The array is currently stopped. I do have two drives coming but their delivery dates are still not set in stone. I should at least have one arriving on Monday but even if I'd had them, I wouldn't start the rebuild yet because of the current storage use metric on the system's third data disk.

 

I really hope that the failed rebuild did not erase the data disk's stuff out of the parity. :/

Posted
4 hours ago, johnnie.black said:

Did you format the disk at any time before or after rebuilding?

I didn't. The format of the disks always have been xfs and never changed.

Posted

If was formatted it would remain XFS, formatting a disk is the only explanation I can think off that would make a full disk now showing basically empty, and unfortunately a common mistake.

Posted
1 minute ago, johnnie.black said:

If was formatted it would remain XFS, formatting a disk is the only explanation I can think off that would make a full disk now showing basically empty, and unfortunately a common mistake.

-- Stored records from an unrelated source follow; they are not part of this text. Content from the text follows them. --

(* For every integer $\ell\geq 1$, every finite digraph $G$ with $\delta^+(G)\geq (1+\sqrt{5})\ell$ contains $S^-_{2,\ell}$ as a subgraph.
   Context: Digraphs are finite, have no loops and no multiple copies of the same edge, but may contain two edges in opposite directions between a pair of vertices. $\delta^+(G)$ is the minimum out-degree of $G$. $S^-_{k,\ell}$ denotes the $(k-1)$-subdivision of the in-star with $\ell$ leaves, i.e. the oriented tree consisting of a centre vertex and $\ell$ directed paths of length $k$ each ending at the centre, pairwise sharing only the centre. Thus $S^-_{2,\ell}$ consists of a centre $c$ and $\ell$ vertex-disjoint (apart from $c$) directed paths $x_i\to a_i\to c$. Containing it as a subgraph means having a subgraph isomorphic to it. *)

theory Defs
  imports Complex_Main
begin

text \<open>A finite digraph: finite vertex set V, edge set E of ordered pairs within V,
  no loops. Opposite edges are allowed; no multi-edges (E is a set).\<close>
definition digraph :: "'a set \<Rightarrow> ('a \<times> 'a) set \<Rightarrow> bool" where
  "digraph V E \<longleftrightarrow> finite V \<and> E \<subseteq> V \<times> V \<and> (\<forall>v. (v, v) \<notin> E)"

definition out_degree :: "('a \<times> 'a) set \<Rightarrow> 'a \<Rightarrow> nat" where
  "out_degree E v = card {w. (v, w) \<in> E}"

definition min_out_degree :: "'a set \<Rightarrow> ('a \<times> 'a) set \<Rightarrow> nat" where
  "min_out_degree V E = Min (out_degree E ` V)"

text \<open>G contains the subdivided in-star S^-_{2,l} as a subgraph: a centre c and
  vertices x_i, a_i (i < l), all 2l+1 vertices pairwise distinct, with edges
  x_i \<rightarrow> a_i and a_i \<rightarrow> c.\<close>
definition contains_S2_in_star :: "'a set \<Rightarrow> ('a \<times> 'a) set \<Rightarrow> nat \<Rightarrow> bool" where
  "contains_S2_in_star V E l \<longleftrightarrow>
     (\<exists>c x a. c \<in> V \<and>
        inj_on x {..<l} \<and> inj_on a {..<l} \<and>
        x ` {..<l} \<inter> a ` {..<l} = {} \<and>
        c \<notin> x ` {..<l} \<and> c \<notin> a ` {..<l} \<and>
        (\<forall>i<l. x i \<in> V \<and> a i \<in> V \<and> (x i, a i) \<in> E \<and> (a i, c) \<in> E))"

end

theory Submission
  imports Defs
begin

(* Since 1 + sqrt 5 > 3 it suffices that every out-degree is at least 3l. Let D be the
   maximum of |S| - |N(S)| over vertex sets S, where N(S) is the set of in-neighbours of S.
   By the deficiency form of Hall's theorem, all but D vertices b can be given pairwise
   distinct in-neighbours pi b. Take a proper subset S attaining D: every matched vertex
   outside N(S) sends all its out-edges into V - S, and there are at least |V - S| of them,
   so double counting yields c in V - S with 3l matched in-neighbours b. Dropping the b with
   pi b = c, the paths pi b -> b -> c are chosen greedily; each choice excludes at most two
   further paths, which leaves l vertex-disjoint ones. *)

definition sdr :: "'i set \<Rightarrow> ('i \<Rightarrow> 'a set) \<Rightarrow> ('i \<Rightarrow> 'a) \<Rightarrow> bool" where
  "sdr I A f \<longleftrightarrow> inj_on f I \<and> (\<forall>i\<in>I. f i \<in> A i)"

lemma sdr_subset: "sdr I A f \<Longrightarrow> J \<subseteq> I \<Longrightarrow> sdr J A f"
  unfolding sdr_def by (auto intro: inj_on_subset)

lemma sdr_combine:
  assumes "sdr J A g" and "sdr (I - J) (\<lambda>i. A i - \<Union>(A ` J)) h"
  shows "sdr I A (\<lambda>i. if i \<in> J then g i else h i)"
proof -
  have g: "inj_on g J" "\<And>i. i \<in> J \<Longrightarrow> g i \<in> A i"
    and h: "inj_on h (I - J)" "\<And>i. i \<in> I - J \<Longrightarrow> h i \<in> A i - \<Union>(A ` J)"
    using assms unfolding sdr_def by auto
  have cross: "g i \<noteq> h j" if "i \<in> J" "j \<in> I - J" for i j
    using g(2)[OF that(1)] h(2)[OF that(2)] that(1) by auto
  have "inj_on (\<lambda>i. if i \<in> J then g i else h i) I"
    using g(1) h(1) cross unfolding inj_on_def by (metis DiffI)
  then show ?thesis
    unfolding sdr_def using g(2) h(2) by auto
qed

lemma sdr_update:
  assumes "sdr I (\<lambda>j. A j - {a}) f" and "a \<in> A i"
  shows "sdr (insert i I) A (f(i := a))"
  using assms unfolding sdr_def inj_on_def by auto

lemma hall_condition_outside_tight_set:
  assumes "finite I" "\<And>i. i \<in> I \<Longrightarrow> finite (A i)"
    and hall: "\<And>J. J \<subseteq> I \<Longrightarrow> card J \<le> card (\<Union>(A ` J))"
    and "J \<subseteq> I" and tight: "card (\<Union>(A ` J)) = card J" and "K \<subseteq> I - J"
  shows "card K \<le> card (\<Union>((\<lambda>i. A i - \<Union>(A ` J)) ` K))"
proof -
  have KJ: "K \<union> J \<subseteq> I" using assms(4,6) by auto
  then have fin: "finite K" "finite J" "finite (K \<union> J)"
    using assms(1) by (auto intro: finite_subset)
  then have fin_UN: "finite (\<Union>(A ` (K \<union> J)))"
    using KJ assms(2) by (intro finite_UN_I) auto
  have "\<Union>((\<lambda>i. A i - \<Union>(A ` J)) ` K) = \<Union>(A ` (K \<union> J)) - \<Union>(A ` J)"
    by auto
  then have "card (\<Union>((\<lambda>i. A i - \<Union>(A ` J)) ` K)) = card (\<Union>(A ` (K \<union> J))) - card J"
    using fin_UN tight by (simp add: card_Diff_subset finite_subset)
  moreover have "card (K \<union> J) = card K + card J"
    using fin assms(6) by (intro card_Un_disjoint) auto
  moreover have "card (K \<union> J) \<le> card (\<Union>(A ` (K \<union> J)))"
    using assms(4,6) by (intro hall) auto
  ultimately show ?thesis by linarith
qed

lemma hall_condition_remove_element:
  assumes "finite I" "\<And>i. i \<in> I \<Longrightarrow> finite (A i)"
    and hall: "\<And>J. J \<subseteq> I \<Longrightarrow> card J \<le> card (\<Union>(A ` J))"
    and surplus: "\<And>J. J \<subseteq> I \<Longrightarrow> J \<noteq> {} \<Longrightarrow> J \<noteq> I \<Longrightarrow> card J \<noteq> card (\<Union>(A ` J))"
    and "i \<in> I" and "J \<subseteq> I - {i}"
  shows "card J \<le> card (\<Union>((\<lambda>j. A j - {a}) ` J))"
proof (cases "J = {}")
  case False
  have "J \<subseteq> I" "J \<noteq> I" using assms(5,6) by auto
  then have "card J < card (\<Union>(A ` J))"
    using hall surplus False by (simp add: order.strict_iff_order)
  moreover have "finite (\<Union>(A ` J))"
    using assms(1,2) \<open>J \<subseteq> I\<close> by (auto intro: finite_subset)
  moreover have "\<Union>((\<lambda>j. A j - {a}) ` J) = \<Union>(A ` J) - {a}" by auto
  ultimately show ?thesis by (auto simp: card_Diff_singleton_if)
qed simp

theorem hall_marriage:
  assumes "finite I" "\<And>i. i \<in> I \<Longrightarrow> finite (A i)"
    and "\<And>J. J \<subseteq> I \<Longrightarrow> card J \<le> card (\<Union>(A ` J))"
  shows "\<exists>f. sdr I A f"
  using assms
proof (induction "card I" arbitrary: I A rule: less_induct)
  case less
  show ?case
  proof (cases "\<exists>J. J \<subseteq> I \<and> J \<noteq> {} \<and> J \<noteq> I \<and> card J = card (\<Union>(A ` J))")
    case True
    then obtain J where J: "J \<subseteq> I" "J \<noteq> {}" "J \<noteq> I" "card J = card (\<Union>(A ` J))"
      by blast
    have "J \<subset> I" "I - J \<subset> I" using J by auto
    then have "card J < card I" "card (I - J) < card I"
      using less.prems(1) by (auto intro: psubset_card_mono)
    have "\<exists>g. sdr J A g"
      using J(1) less.prems by (intro less.hyps[OF \<open>card J < card I\<close>]) (auto intro: finite_subset)
    moreover have "\<exists>h. sdr (I - J) (\<lambda>i. A i - \<Union>(A ` J)) h"
      using less.prems J(1,4)
      by (intro less.hyps[OF \<open>card (I - J) < card I\<close>] hall_condition_outside_tight_set) auto
    ultimately show ?thesis using sdr_combine by blast
  next
    case no_tight_subset: False
    show ?thesis
    proof (cases "I = {}")
      case False
      then obtain i where i: "i \<in> I" by blast
      then obtain a where a: "a \<in> A i"
        using less.prems(3)[of "{i}"] by fastforce
      have surplus: "card J \<noteq> card (\<Union>(A ` J))" if "J \<subseteq> I" "J \<noteq> {}" "J \<noteq> I" for J
        using no_tight_subset that by blast
      have hall: "card J \<le> card (\<Union>((\<lambda>j. A j - {a}) ` J))" if "J \<subseteq> I - {i}" for J
        using hall_condition_remove_element[OF less.prems surplus i that] .
      have "\<exists>f. sdr (I - {i}) (\<lambda>j. A j - {a}) f"
        using less.prems(1,2) hall
        by (intro less.hyps[OF card_Diff1_less[OF less.prems(1) i]]) auto
      then obtain f where "sdr (I - {i}) (\<lambda>j. A j - {a}) f" ..
      then have "sdr (insert i (I - {i})) A (f(i := a))"
        using a by (rule sdr_update)
      then have "sdr I A (f(i := a))"
        using i by (simp add: insert_absorb)
      then show ?thesis by blast
    qed (rule exI[of _ "\<lambda>_. undefined"], simp add: sdr_def)
  qed
qed

lemma hall_deficiency:
  fixes A :: "'i \<Rightarrow> 'a set"
  assumes "finite I" "\<And>i. i \<in> I \<Longrightarrow> finite (A i)"
    and "\<And>J. J \<subseteq> I \<Longrightarrow> card J \<le> card (\<Union>(A ` J)) + d"
  shows "\<exists>W f. W \<subseteq> I \<and> card I \<le> card W + d \<and> sdr W A f"
proof -
  define A' where "A' i = Inl ` A i \<union> Inr ` {..<d}" for i
  have "card J \<le> card (\<Union>(A' ` J))" if "J \<subseteq> I" for J
  proof (cases "J = {}")
    case False
    then have "\<Union>(A' ` J) = Inl ` \<Union>(A ` J) \<union> Inr ` {..<d}"
      unfolding A'_def by auto
    moreover have "finite (\<Union>(A ` J))"
      using that assms(1,2) by (intro finite_UN_I) (auto intro: finite_subset)
    moreover have "Inl ` \<Union>(A ` J) \<inter> Inr ` {..<d} = {}" by auto
    ultimately have "card (\<Union>(A' ` J)) = card (\<Union>(A ` J)) + d"
      by (simp add: card_Un_disjoint card_image)
    then show ?thesis using assms(3)[OF that] by simp
  qed simp
  then obtain f where f: "sdr I A' f"
    using hall_marriage[of I A'] assms(1,2) unfolding A'_def by auto
  define W where "W = {i \<in> I. f i \<in> range Inl}"
  have "sdr W A (projl \<circ> f)"
    using f unfolding sdr_def W_def A'_def inj_on_def by fastforce
  moreover have "card (I - W) \<le> d"
  proof -
    have "card (I - W) = card (f ` (I - W))"
      using f unfolding sdr_def by (intro card_image[symmetric]) (auto intro: inj_on_subset)
    also have "\<dots> \<le> card (Inr ` {..<d} :: ('a + nat) set)"
      using f unfolding sdr_def W_def A'_def by (intro card_mono) auto
    also have "\<dots> = d" by (simp add: card_image)
    finally show ?thesis .
  qed
  moreover have "W \<subseteq> I" unfolding W_def by auto
  then have "card (I - W) = card I - card W" "card W \<le> card I"
    using assms(1) by (simp_all add: card_Diff_subset finite_subset card_mono)
  ultimately have "card I \<le> card W + d" by linarith
  with \<open>W \<subseteq> I\<close> \<open>sdr W A (projl \<circ> f)\<close> show ?thesis
    by (intro exI[of _ W] exI[of _ "projl \<circ> f"] conjI)
qed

I know but it never prompted me to do that. That's where I have a hard time understanding.

Posted

I just checked again. It still prompts me to do a Parity-Sync/Data Rebuild. No text/prompts about formatting.

 

I'm genuinely lost to how it could be formatting the data disk instead of doing what it says (Data-Rebuild).

 

And like, I have big doubts it actually formatted. There's no way 80 GB of data could pop in in an instant. My computer can barely push a 100 MB/s during backups.

Posted

Even when I'm looking at my notifications since the day the data disk has been reported as Disabled by F.C.P. (on 2020-05-31), there is no mention of formatting. Only rebuilds that attempted and failed when I was asleep.

 

There must be something I never saw happen and I don't know where to look for it.

Notifications.log

Posted
1 hour ago, johnnie.black said:

I'm sorry but without all the logs from when the problem started (they start over after any reboot) I don't have other ideas on what could have happened.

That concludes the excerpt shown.